So what will happen is it'll force them to exit and then your real private equity asset strippers will come in and milk it for all it's worth or it'll go to a telecoms company like Virgin Media who'll just sell it as yet another thing and their project roadmap will have to be split between their fibre network, their business customers, their ISP, their phone service, their gov contracts and oh year, the mobile business too. Where's the new fibre rollout they promised to new areas? Nowhere, hasn't happened.

BT has been criticised for ignoring areas, the pair of them have been acting against the interests of consumers eg: BT rolling out areas where Virgin had fibre already first, yet BT is allowed to swallow up EE and add to their already huge dominance.

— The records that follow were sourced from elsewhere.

(* There is an absolute constant $C$ such that the following holds. Let $G=(V,E)$ be an undirected unweighted graph on $n$ vertices, let $D\ge1$ be an integer, and let $\chi:V\to[1,D^3]$ be any coloring. For vertices $u,v$ let $H_{uv}=\{x\in V:\mathrm{dist}(u,x)+\mathrm{dist}(x,v)=\mathrm{dist}(u,v)\}$. For integers $a,b\ge0$ with $1\le a+b\le D$ and $h\in V$, let $E^h_{a,b}$ be the edge set of the bipartite graph with two copies of $V$ as sides, where $(u,v)\in E^h_{a,b}$ ($u$ in the left copy, $v$ in the right copy) iff (i) $|H_{uv}|\le D$, (ii) the vertices of $H_{uv}$ receive pairwise distinct colors under $\chi$, and (iii) $h\in H_{uv}$, $\mathrm{dist}(u,h)=a$ and $\mathrm{dist}(h,v)=b$. For each such $(a,b,h)$ fix a minimum vertex cover $(V^{h}_{1,a,b},V^{h}_{2,a,b})$ of this bipartite graph ($V^h_{1,a,b}$ in the left copy, $V^h_{2,a,b}$ in the right copy), and define for each $v\in V$ the set $F_v$ of all $h\in V$ such that $v\in V^h_{1,a,b}\cup V^h_{2,a,b}$ for some $a,b$ with $1\le a+b\le D$. Then $$\sum_{v\in V}|F_v|\le C\,D^5\,\frac{n^2}{\mathsf{RS}(n)}.$$
   Context: A matching $M$ in a graph is induced if there is a vertex subset $V'$ such that $M$ is exactly the edge set of the subgraph induced by $V'$. A Ruzsa–Szemerédi graph is an undirected unweighted graph on $n$ vertices whose edges can be partitioned into at most $n$ induced matchings; $\mathsf{RS}(n)$ is the largest value such that every Ruzsa–Szemerédi graph on $n$ vertices has at most $n^2/\mathsf{RS}(n)$ edges. *)

theory Defs
  imports Main "HOL-Library.Extended_Nat"
begin

definition simple_graph :: "'a set \<Rightarrow> 'a set set \<Rightarrow> bool" where
  "simple_graph V E \<longleftrightarrow> finite V \<and> E \<subseteq> {{x, y} | x y. x \<in> V \<and> y \<in> V \<and> x \<noteq> y}"

definition walk :: "'a set set \<Rightarrow> 'a list \<Rightarrow> bool" where
  "walk E xs \<longleftrightarrow> xs \<noteq> [] \<and> (\<forall>i. Suc i < length xs \<longrightarrow> {xs ! i, xs ! Suc i} \<in> E)"

text \<open>Shortest-path distance; infinite if no path exists.\<close>
definition dist :: "'a set set \<Rightarrow> 'a \<Rightarrow> 'a \<Rightarrow> enat" where
  "dist E u v = (INF xs \<in> {xs. walk E xs \<and> hd xs = u \<and> last xs = v}. enat (length xs - 1))"

definition Hset :: "'a set \<Rightarrow> 'a set set \<Rightarrow> 'a \<Rightarrow> 'a \<Rightarrow> 'a set" where
  "Hset V E u v = {x \<in> V. dist E u x + dist E x v = dist E u v}"

text \<open>Edge set of the bipartite graph E^h_{a,b}: pairs (left u, right v).\<close>
definition Eab :: "'a set \<Rightarrow> 'a set set \<Rightarrow> nat \<Rightarrow> ('a \<Rightarrow> nat) \<Rightarrow> nat \<Rightarrow> nat \<Rightarrow> 'a \<Rightarrow> ('a \<times> 'a) set" where
  "Eab V E D \<chi> a b h = {(u, v) \<in> V \<times> V.
      card (Hset V E u v) \<le> D \<and> inj_on \<chi> (Hset V E u v) \<and>
      h \<in> Hset V E u v \<and> dist E u h = enat a \<and> dist E h v = enat b}"

definition bip_vertex_cover :: "'a set \<Rightarrow> ('a \<times> 'a) set \<Rightarrow> 'a set \<times> 'a set \<Rightarrow> bool" where
  "bip_vertex_cover V B S \<longleftrightarrow> fst S \<subseteq> V \<and> snd S \<subseteq> V \<and>
     (\<forall>(u, v) \<in> B. u \<in> fst S \<or> v \<in> snd S)"

definition min_bip_vertex_cover :: "'a set \<Rightarrow> ('a \<times> 'a) set \<Rightarrow> 'a set \<times> 'a set \<Rightarrow> bool" where
  "min_bip_vertex_cover V B S \<longleftrightarrow> bip_vertex_cover V B S \<and>
     (\<forall>T. bip_vertex_cover V B T \<longrightarrow> card (fst S) + card (snd S) \<le> card (fst T) + card (snd T))"

definition induced_matching :: "'a set set \<Rightarrow> 'a set set \<Rightarrow> bool" where
  "induced_matching E M \<longleftrightarrow> M \<subseteq> E \<and> (\<forall>e1 \<in> M. \<forall>e2 \<in> M. e1 \<noteq> e2 \<longrightarrow> e1 \<inter> e2 = {}) \<and>
     (\<exists>V'. M = {e \<in> E. e \<subseteq> V'})"

definition RS_graph :: "nat \<Rightarrow> nat set set \<Rightarrow> bool" where
  "RS_graph n E \<longleftrightarrow> simple_graph {..<n} E \<and>
     (\<exists>c. (\<forall>e \<in> E. c e < n) \<and> (\<forall>i < n. induced_matching E {e \<in> E. c e = i}))"

text \<open>Maximum number of edges of an RS graph on n vertices (= n^2 / RS(n)).\<close>
definition RS_max_edges :: "nat \<Rightarrow> nat" where
  "RS_max_edges n = Max {card E | E. RS_graph n E}"

text \<open>RS(n): the largest value r with every RS graph on n vertices having at most n^2/r edges.\<close>
definition RS :: "nat \<Rightarrow> real" where
  "RS n = real (n ^ 2) / real (RS_max_edges n)"

end

theory Submission
  imports Defs
begin

text \<open>
  A minimum vertex cover of the bipartite graph E^h_{a,b} is at most twice as large as a maximal
  matching M_h in it. Fix a, b and a colour c. If u and v are both covered by M_h and (u, v) lies
  in M_{h'} with h, h' of colour c, then h and h' both lie in H_{uv} at distance a from u and b
  from v, and since the colouring is injective on H_{uv}, h = h'. So the M_h of one colour form a
  family of at most n induced matchings. Splitting V into three blocks of at most n/2 vertices and
  placing the left copy of one block and the right copy of another one in disjoint halves of
  {0, ..., n-1} turns this family into an RS graph, whence the M_h of one colour have at most
  9 n^2/RS(n) edges in total. Summing over the D^3 colours and the at most 4 D^2 pairs (a, b)
  gives the bound with C = 72.
\<close>

definition bip_matching :: "('a \<times> 'b) set \<Rightarrow> bool" where
  "bip_matching M \<longleftrightarrow> inj_on fst M \<and> inj_on snd M"

text \<open>An edge from a left vertex covered by M i to a right vertex covered by M i belongs to no other
  M j: each M i is an induced matching of the union, and the M i are pairwise disjoint.\<close>

definition induced_bip_matchings :: "'i set \<Rightarrow> ('i \<Rightarrow> ('a \<times> 'b) set) \<Rightarrow> bool" where
  "induced_bip_matchings I M \<longleftrightarrow> (\<forall>i\<in>I. bip_matching (M i)) \<and>
     (\<forall>i\<in>I. \<forall>j\<in>I. \<forall>u v u' v'. (u, v') \<in> M i \<longrightarrow> (u', v) \<in> M i \<longrightarrow> (u, v) \<in> M j \<longrightarrow> i = j)"

lemma induced_bip_matchings_mono:
  assumes "induced_bip_matchings I M" and "\<And>i. i \<in> I \<Longrightarrow> N i \<subseteq> M i"
  shows "induced_bip_matchings I N"
  using assms unfolding induced_bip_matchings_def bip_matching_def
  by (meson inj_on_subset subsetD)

lemma induced_bip_matchings_disjoint:
  assumes "induced_bip_matchings I M" "i \<in> I" "j \<in> I" "i \<noteq> j"
  shows "M i \<inter> M j = {}"
proof (rule equals0I)
  fix p assume "p \<in> M i \<inter> M j"
  then show False using assms unfolding induced_bip_matchings_def by (cases p) blast
qed

lemma ex_maximal_bip_matching:
  assumes "finite B"
  obtains M where "M \<subseteq> B" "bip_matching M"
    "\<And>u v. (u, v) \<in> B \<Longrightarrow> u \<in> fst ` M \<or> v \<in> snd ` M"
proof -
  define A where "A = {M. M \<subseteq> B \<and> bip_matching M}"
  have "finite A" "A \<noteq> {}"
    using assms unfolding A_def bip_matching_def by auto
  then obtain M where "M \<in> A" "\<forall>M'\<in>A. M \<subseteq> M' \<longrightarrow> M = M'"
    by (meson finite_has_maximal)
  then have M: "M \<subseteq> B" "bip_matching M"
    and max: "\<And>M'. M' \<subseteq> B \<Longrightarrow> bip_matching M' \<Longrightarrow> M \<subseteq> M' \<Longrightarrow> M = M'"
    unfolding A_def by blast+
  have "u \<in> fst ` M \<or> v \<in> snd ` M" if "(u, v) \<in> B" for u v
  proof (rule ccontr)
    assume "\<not> ?thesis"
    then have new: "u \<notin> fst ` M" "v \<notin> snd ` M" by simp_all
    then have "bip_matching (insert (u, v) M)"
      using M(2) unfolding bip_matching_def inj_on_insert by auto
    then have "M = insert (u, v) M" using max M(1) that by blast
    then show False using new(1) by (metis fst_conv image_eqI insertI1)
  qed
  then show thesis by (rule that[OF M])
qed

lemma min_bip_vertex_cover_le_matching:
  assumes "finite B" "B \<subseteq> V \<times> V" "min_bip_vertex_cover V B S"
  obtains M where "M \<subseteq> B" "bip_matching M" "card (fst S \<union> snd S) \<le> 2 * card M"
proof -
  obtain M where M: "M \<subseteq> B" "bip_matching M"
    and maximal: "\<And>u v. (u, v) \<in> B \<Longrightarrow> u \<in> fst ` M \<or> v \<in> snd ` M"
    using ex_maximal_bip_matching[OF assms(1)] by blast
  have "bip_vertex_cover V B (fst ` M, snd ` M)"
    using M(1) assms(2) unfolding bip_vertex_cover_def by (auto dest: maximal)
  then have "card (fst S) + card (snd S) \<le> card (fst ` M) + card (snd ` M)"
    using assms(3) unfolding min_bip_vertex_cover_def by fastforce
  also have "\<dots> = 2 * card M"
    using M(2) by (simp add: bip_matching_def card_image)
  finally have "card (fst S) + card (snd S) \<le> 2 * card M" .
  then have "card (fst S \<union> snd S) \<le> 2 * card M"
    using card_Un_le[of "fst S" "snd S"] by linarith
  then show thesis by (rule that[OF M])
qed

Three has invested in growing that UK business for little return, they have innovated and pushed in areas like mobile broadband, unlimited data, and elsewhere, for the smallest operator they push 42% of the UK's mobile data, which is the largest amount of any of the networks.

They didn't have the budget that the combined O2 / VF had for 4G, or EE because of the smaller customer base, that's one of the issues, it is hard to compete in the UK being the smallest provider with 9M customers. That's exactly why they want this merger / sale, because if this doesn't happen then in today's market with limited smartphone growth and margins squeezed it just isn't worth being in the market as a standalone 9M telecoms business, no wonder they didn't put the money YOU wanted them to put into 4G.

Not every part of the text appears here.